The hornbeam is extremely hard, locally it's referred to as "musclewood" because of the ridges that run the length of the shank that have the appearance of muscles. Basically power sanding is all I did to the hornbeam. As I'm sure most stick makers know the wood will always give you clues as to what it needs to be worked. To LilysDad. These shanks were cured enough to finish so I finished them but I've come to the conclusion the that the "perfect walking stick" for me is a ball end stick with a slight curve near the ball end. Alador and Batakali know exactly what I'm talking about in terms of a curved shank. I've observed that shanks of this shape have superior balance IMO. This winter I'll know what kind of shanks I'll be looking to cut.

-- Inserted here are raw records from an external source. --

lemma qL_eq_qL_iff:
  assumes "0 < K"
  shows "(\<forall>k<K. qL K g k = qL K h k) \<longleftrightarrow> (\<exists>c. \<forall>k<K. g k = h k + c)"
proof
  define Sg Sh where "Sg = (\<Sum>l<K. exp (g l))" and "Sh = (\<Sum>l<K. exp (h l))"
  have "0 < Sg" "0 < Sh"
    using assms unfolding Sg_def Sh_def by (auto intro: sum_pos)
  assume "\<forall>k<K. qL K g k = qL K h k"
  then have "exp (g k) = exp (h k + ln (Sg / Sh))" if "k < K" for k
    using that \<open>0 < Sg\<close> \<open>0 < Sh\<close> by (simp add: qL_def exp_add field_simps flip: Sg_def Sh_def)
  then show "\<exists>c. \<forall>k<K. g k = h k + c"
    by blast
next
  assume "\<exists>c. \<forall>k<K. g k = h k + c"
  then obtain c where c: "\<forall>k<K. g k = h k + c" ..
  then have "(\<Sum>l<K. exp (g l)) = exp c * (\<Sum>l<K. exp (h l))"
    by (simp add: exp_add sum_distrib_left mult.commute)
  then show "\<forall>k<K. qL K g k = qL K h k"
    using c by (simp add: qL_def exp_add)
qed

lemma tendsto_qL_indicator_at_top:
  assumes "0 < K" "k < K"
  shows "((\<lambda>t. qL K (\<lambda>l. if l = 0 then t else 0) k) \<longlongrightarrow> (if k = 0 then 1 else 0)) at_top"
proof -
  have exp_neg: "((\<lambda>t. exp (- t)) \<longlongrightarrow> (0::real)) at_top"
    by (rule filterlim_compose[OF exp_at_bot filterlim_uminus_at_bot_at_top])
  have denom: "exp t + (real K - 1) = exp t * (1 + (real K - 1) * exp (- t))" for t
    by (simp add: field_simps exp_minus_inverse)
  show ?thesis
  proof (cases "k = 0")
    case True
    have "((\<lambda>t. 1 / (1 + (real K - 1) * exp (- t))) \<longlongrightarrow> 1 / (1 + (real K - 1) * 0)) at_top"
      by (intro tendsto_intros exp_neg) simp
    then show ?thesis
      using assms True by (simp add: qL_indicator denom)
  next
    case False
    have "((\<lambda>t. exp (- t) / (1 + (real K - 1) * exp (- t))) \<longlongrightarrow> 0 / (1 + (real K - 1) * 0)) at_top"
      by (intro tendsto_intros exp_neg) simp
    then show ?thesis
      using assms False by (simp add: qL_indicator denom exp_minus field_simps)
  qed
qed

This picture of Batakali's last stick illustrates my point.


----------



## LilysDad (Sep 25, 2014)

I see. Then perhaps you could save these shafts for a different type of handle. Maybe a hames knob or a derby handle. That way you will have a little variety in your offerings.


----------



## mehig (May 1, 2016)

My thought exactly. Here's a sassfrass with hame hardware I finished recently for a friend


----------



## LilysDad (Sep 25, 2014)

Yeah, that will get their attention.


----------



## RandyL476 (Aug 24, 2014)

Nice looking sticks.


----------



## Rodney (Jun 12, 2015)

The oak is my favorite of the three. Nice looking sticks.

Rodney


----------



## mehig (May 1, 2016)

After using this walking stick I'm amazed. Hornbeam is incredibly stout. Putting all of my 180 lbs on the handle barely deflects the shank. It's 5/8 inches at the bottom to just under 1 inch below the handle. After more research I find it's an Eastern Hophornbeam.


----------



## CV3 (Jan 30, 2014)

It is a one of a kind. Nice cane.


----------



## Gloops (Jan 23, 2015)

It's made a nice looking stick, well done.


----------